╭─ Record set

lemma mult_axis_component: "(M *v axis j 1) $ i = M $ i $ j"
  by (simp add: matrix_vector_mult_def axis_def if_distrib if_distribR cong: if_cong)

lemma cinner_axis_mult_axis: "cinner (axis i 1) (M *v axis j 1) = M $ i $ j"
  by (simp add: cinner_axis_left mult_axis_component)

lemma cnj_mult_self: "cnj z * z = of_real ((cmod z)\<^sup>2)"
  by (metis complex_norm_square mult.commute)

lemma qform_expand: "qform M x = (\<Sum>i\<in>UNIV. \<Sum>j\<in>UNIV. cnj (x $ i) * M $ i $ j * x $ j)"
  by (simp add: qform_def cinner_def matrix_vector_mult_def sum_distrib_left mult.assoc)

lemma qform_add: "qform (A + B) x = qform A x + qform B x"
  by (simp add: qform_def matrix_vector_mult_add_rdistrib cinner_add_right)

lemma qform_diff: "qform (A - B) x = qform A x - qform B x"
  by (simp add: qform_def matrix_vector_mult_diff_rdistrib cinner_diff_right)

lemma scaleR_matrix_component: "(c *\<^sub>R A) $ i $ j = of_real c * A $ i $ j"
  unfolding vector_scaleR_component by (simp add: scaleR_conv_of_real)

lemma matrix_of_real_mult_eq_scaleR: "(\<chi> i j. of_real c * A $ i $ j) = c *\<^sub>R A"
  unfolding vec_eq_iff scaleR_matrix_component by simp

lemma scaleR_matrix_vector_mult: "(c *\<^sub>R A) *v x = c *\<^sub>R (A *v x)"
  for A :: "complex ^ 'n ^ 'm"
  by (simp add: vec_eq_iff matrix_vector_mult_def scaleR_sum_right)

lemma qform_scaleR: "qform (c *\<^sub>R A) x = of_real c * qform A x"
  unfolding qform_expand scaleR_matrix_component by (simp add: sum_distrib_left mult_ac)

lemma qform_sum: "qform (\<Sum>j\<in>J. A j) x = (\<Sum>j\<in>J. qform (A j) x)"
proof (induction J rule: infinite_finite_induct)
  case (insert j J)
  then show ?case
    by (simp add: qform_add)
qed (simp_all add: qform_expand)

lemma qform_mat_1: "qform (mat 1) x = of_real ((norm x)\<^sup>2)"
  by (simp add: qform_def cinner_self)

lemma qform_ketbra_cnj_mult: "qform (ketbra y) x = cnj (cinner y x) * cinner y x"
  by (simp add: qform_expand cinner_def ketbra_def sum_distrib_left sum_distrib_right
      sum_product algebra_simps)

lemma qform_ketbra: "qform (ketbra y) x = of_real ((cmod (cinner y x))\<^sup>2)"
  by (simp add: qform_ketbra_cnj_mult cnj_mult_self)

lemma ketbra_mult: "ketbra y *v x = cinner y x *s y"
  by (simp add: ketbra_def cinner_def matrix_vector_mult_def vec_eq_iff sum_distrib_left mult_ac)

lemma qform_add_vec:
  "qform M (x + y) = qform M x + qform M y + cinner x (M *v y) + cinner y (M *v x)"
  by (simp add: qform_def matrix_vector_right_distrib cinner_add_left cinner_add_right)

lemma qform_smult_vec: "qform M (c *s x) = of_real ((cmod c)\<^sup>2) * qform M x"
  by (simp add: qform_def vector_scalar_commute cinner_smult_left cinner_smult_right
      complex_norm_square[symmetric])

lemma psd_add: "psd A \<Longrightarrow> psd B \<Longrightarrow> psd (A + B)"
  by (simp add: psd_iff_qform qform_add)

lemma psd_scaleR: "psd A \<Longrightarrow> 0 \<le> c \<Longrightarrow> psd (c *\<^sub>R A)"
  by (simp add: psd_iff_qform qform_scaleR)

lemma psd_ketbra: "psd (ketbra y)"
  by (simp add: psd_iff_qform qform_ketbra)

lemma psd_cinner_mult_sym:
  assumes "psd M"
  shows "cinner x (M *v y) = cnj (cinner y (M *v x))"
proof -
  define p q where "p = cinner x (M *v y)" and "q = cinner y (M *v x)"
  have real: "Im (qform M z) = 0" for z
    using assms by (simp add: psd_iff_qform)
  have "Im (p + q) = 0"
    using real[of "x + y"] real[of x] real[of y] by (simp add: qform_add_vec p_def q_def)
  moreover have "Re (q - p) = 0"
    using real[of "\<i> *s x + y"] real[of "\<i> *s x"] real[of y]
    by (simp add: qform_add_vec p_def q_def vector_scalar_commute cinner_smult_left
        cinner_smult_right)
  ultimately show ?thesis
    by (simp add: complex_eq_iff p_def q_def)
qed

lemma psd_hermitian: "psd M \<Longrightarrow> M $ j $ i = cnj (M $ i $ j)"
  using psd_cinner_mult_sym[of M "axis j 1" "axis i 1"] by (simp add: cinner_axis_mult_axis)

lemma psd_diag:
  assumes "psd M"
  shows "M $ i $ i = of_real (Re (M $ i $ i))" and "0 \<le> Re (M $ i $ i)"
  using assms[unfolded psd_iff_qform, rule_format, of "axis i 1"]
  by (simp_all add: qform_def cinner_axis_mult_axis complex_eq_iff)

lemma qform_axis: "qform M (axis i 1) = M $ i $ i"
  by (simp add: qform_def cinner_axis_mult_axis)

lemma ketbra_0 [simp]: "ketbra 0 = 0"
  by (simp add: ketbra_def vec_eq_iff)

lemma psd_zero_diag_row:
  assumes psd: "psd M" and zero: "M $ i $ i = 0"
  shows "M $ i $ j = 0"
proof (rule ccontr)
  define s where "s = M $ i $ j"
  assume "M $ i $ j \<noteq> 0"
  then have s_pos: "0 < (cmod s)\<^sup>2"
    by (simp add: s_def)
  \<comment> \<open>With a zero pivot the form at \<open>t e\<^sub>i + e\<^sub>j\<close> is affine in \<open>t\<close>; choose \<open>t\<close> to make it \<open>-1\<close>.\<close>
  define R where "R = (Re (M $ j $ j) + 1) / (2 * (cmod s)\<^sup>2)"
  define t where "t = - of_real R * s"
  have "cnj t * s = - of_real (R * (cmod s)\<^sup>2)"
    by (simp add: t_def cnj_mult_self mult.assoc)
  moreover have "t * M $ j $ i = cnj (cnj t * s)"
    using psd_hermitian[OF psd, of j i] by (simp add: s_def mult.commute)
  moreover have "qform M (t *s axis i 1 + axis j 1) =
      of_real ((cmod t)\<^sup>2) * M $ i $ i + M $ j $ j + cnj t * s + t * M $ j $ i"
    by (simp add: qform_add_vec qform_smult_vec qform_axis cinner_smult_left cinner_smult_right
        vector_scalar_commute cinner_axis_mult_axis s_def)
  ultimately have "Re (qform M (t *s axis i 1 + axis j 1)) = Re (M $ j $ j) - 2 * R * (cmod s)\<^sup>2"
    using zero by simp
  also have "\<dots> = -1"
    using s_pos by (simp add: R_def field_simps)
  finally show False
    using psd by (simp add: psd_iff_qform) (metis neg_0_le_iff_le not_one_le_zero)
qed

╰─

Problem statement:
Please transcribe the entries above exactly as written.

Solution for this task:
lemma mult_axis_component: "(M *v axis j 1) $ i = M $ i $ j"
  by (simp add: matrix_vector_mult_def axis_def if_distrib if_distribR cong: if_cong)

lemma cinner_axis_mult_axis: "cinner (axis i 1) (M *v axis j 1) = M $ i $ j"
  by (simp add: cinner_axis_left mult_axis_component)

lemma cnj_mult_self: "cnj z * z = of_real ((cmod z)\<^sup>2)"
  by (metis complex_norm_square mult.commute)

lemma qform_expand: "qform M x = (\<Sum>i\<in>UNIV. \<Sum>j\<in>UNIV. cnj (x $ i) * M $ i $ j * x $ j)"
  by (simp add: qform_def cinner_def matrix_vector_mult_def sum_distrib_left mult.assoc)

lemma qform_add: "qform (A + B) x = qform A x + qform B x"
  by (simp add: qform_def matrix_vector_mult_add_rdistrib cinner_add_right)

lemma qform_diff: "qform (A - B) x = qform A x - qform B x"
  by (simp add: qform_def matrix_vector_mult_diff_rdistrib cinner_diff_right)

lemma scaleR_matrix_component: "(c *\<^sub>R A) $ i $ j = of_real c * A $ i $ j"
  unfolding vector_scaleR_component by (simp add: scaleR_conv_of_real)

lemma matrix_of_real_mult_eq_scaleR: "(\<chi> i j. of_real c * A $ i $ j) = c *\<^sub>R A"
  unfolding vec_eq_iff scaleR_matrix_component by simp

lemma scaleR_matrix_vector_mult: "(c *\<^sub>R A) *v x = c *\<^sub>R (A *v x)"
  for A :: "complex ^ 'n ^ 'm"
  by (simp add: vec_eq_iff matrix_vector_mult_def scaleR_sum_right)

lemma qform_scaleR: "qform (c *\<^sub>R A) x = of_real c * qform A x"
  unfolding qform_expand scaleR_matrix_component by (simp add: sum_distrib_left mult_ac)

lemma qform_sum: "qform (\<Sum>j\<in>J. A j) x = (\<Sum>j\<in>J. qform (A j) x)"
proof (induction J rule: infinite_finite_induct)
  case (insert j J)
  then show ?case
    by (simp add: qform_add)
qed (simp_all add: qform_expand)

lemma qform_mat_1: "qform (mat 1) x = of_real ((norm x)\<^sup>2)"
  by (simp add: qform_def cinner_self)

lemma qform_ketbra_cnj_mult: "qform (ketbra y) x = cnj (cinner y x) * cinner y x"
  by (simp add: qform_expand cinner_def ketbra_def sum_distrib_left sum_distrib_right
      sum_product algebra_simps)

lemma qform_ketbra: "qform (ketbra y) x = of_real ((cmod (cinner y x))\<^sup>2)"
  by (simp add: qform_ketbra_cnj_mult cnj_mult_self)

lemma ketbra_mult: "ketbra y *v x = cinner y x *s y"
  by (simp add: ketbra_def cinner_def matrix_vector_mult_def vec_eq_iff sum_distrib_left mult_ac)

lemma qform_add_vec:
  "qform M (x + y) = qform M x + qform M y + cinner x (M *v y) + cinner y (M *v x)"
  by (simp add: qform_def matrix_vector_right_distrib cinner_add_left cinner_add_right)

lemma qform_smult_vec: "qform M (c *s x) = of_real ((cmod c)\<^sup>2) * qform M x"
  by (simp add: qform_def vector_scalar_commute cinner_smult_left cinner_smult_right
      complex_norm_square[symmetric])

lemma psd_add: "psd A \<Longrightarrow> psd B \<Longrightarrow> psd (A + B)"
  by (simp add: psd_iff_qform qform_add)

lemma psd_scaleR: "psd A \<Longrightarrow> 0 \<le> c \<Longrightarrow> psd (c *\<^sub>R A)"
  by (simp add: psd_iff_qform qform_scaleR)

lemma psd_ketbra: "psd (ketbra y)"
  by (simp add: psd_iff_qform qform_ketbra)

lemma psd_cinner_mult_sym:
  assumes "psd M"
  shows "cinner x (M *v y) = cnj (cinner y (M *v x))"
proof -
  define p q where "p = cinner x (M *v y)" and "q = cinner y (M *v x)"
  have real: "Im (qform M z) = 0" for z
    using assms by (simp add: psd_iff_qform)
  have "Im (p + q) = 0"
    using real[of "x + y"] real[of x] real[of y] by (simp add: qform_add_vec p_def q_def)
  moreover have "Re (q - p) = 0"
    using real[of "\<i> *s x + y"] real[of "\<i> *s x"] real[of y]
    by (simp add: qform_add_vec p_def q_def vector_scalar_commute cinner_smult_left
        cinner_smult_right)
  ultimately show ?thesis
    by (simp add: complex_eq_iff p_def q_def)
qed

lemma psd_hermitian: "psd M \<Longrightarrow> M $ j $ i = cnj (M $ i $ j)"
  using psd_cinner_mult_sym[of M "axis j 1" "axis i 1"] by (simp add: cinner_axis_mult_axis)

lemma psd_diag:
  assumes "psd M"
  shows "M $ i $ i = of_real (Re (M $ i $ i))" and "0 \<le> Re (M $ i $ i)"
  using assms[unfolded psd_iff_qform, rule_format, of "axis i 1"]
  by (simp_all add: qform_def cinner_axis_mult_axis complex_eq_iff)

lemma qform_axis: "qform M (axis i 1) = M $ i $ i"
  by (simp add: qform_def cinner_axis_mult_axis)

lemma ketbra_0 [simp]: "ketbra 0 = 0"
  by (simp add: ketbra_def vec_eq_iff)

lemma psd_zero_diag_row:
  assumes psd: "psd M" and zero: "M $ i $ i = 0"
  shows "M $ i $ j = 0"
proof (rule ccontr)
  define s where "s = M $ i $ j"
  assume "M $ i $ j \<noteq> 0"
  then have s_pos: "0 < (cmod s)\<^sup>2"
    by (simp add: s_def)
  \<comment> \<open>With a zero pivot the form at \<open>t e\<^sub>i + e\<^sub>j\<close> is affine in \<open>t\<close>; choose \<open>t\<close> to make it \<open>-1\<close>.\<close>
  define R where "R = (Re (M $ j $ j) + 1) / (2 * (cmod s)\<^sup>2)"
  define t where "t = - of_real R * s"
  have "cnj t * s = - of_real (R * (cmod s)\<^sup>2)"
    by (simp add: t_def cnj_mult_self mult.assoc)
  moreover have "t * M $ j $ i = cnj (cnj t * s)"
    using psd_hermitian[OF psd, of j i] by (simp add: s_def mult.commute)
  moreover have "qform M (t *s axis i 1 + axis j 1) =
      of_real ((cmod t)\<^sup>2) * M $ i $ i + M $ j $ j + cnj t * s + t * M $ j $ i"
    by (simp add: qform_add_vec qform_smult_vec qform_axis cinner_smult_left cinner_smult_right
        vector_scalar_commute cinner_axis_mult_axis s_def)
  ultimately have "Re (qform M (t *s axis i 1 + axis j 1)) = Re (M $ j $ j) - 2 * R * (cmod s)\<^sup>2"
    using zero by simp
  also have "\<dots> = -1"
    using s_pos by (simp add: R_def field_simps)
  finally show False
    using psd by (simp add: psd_iff_qform) (metis neg_0_le_iff_le not_one_le_zero)
qed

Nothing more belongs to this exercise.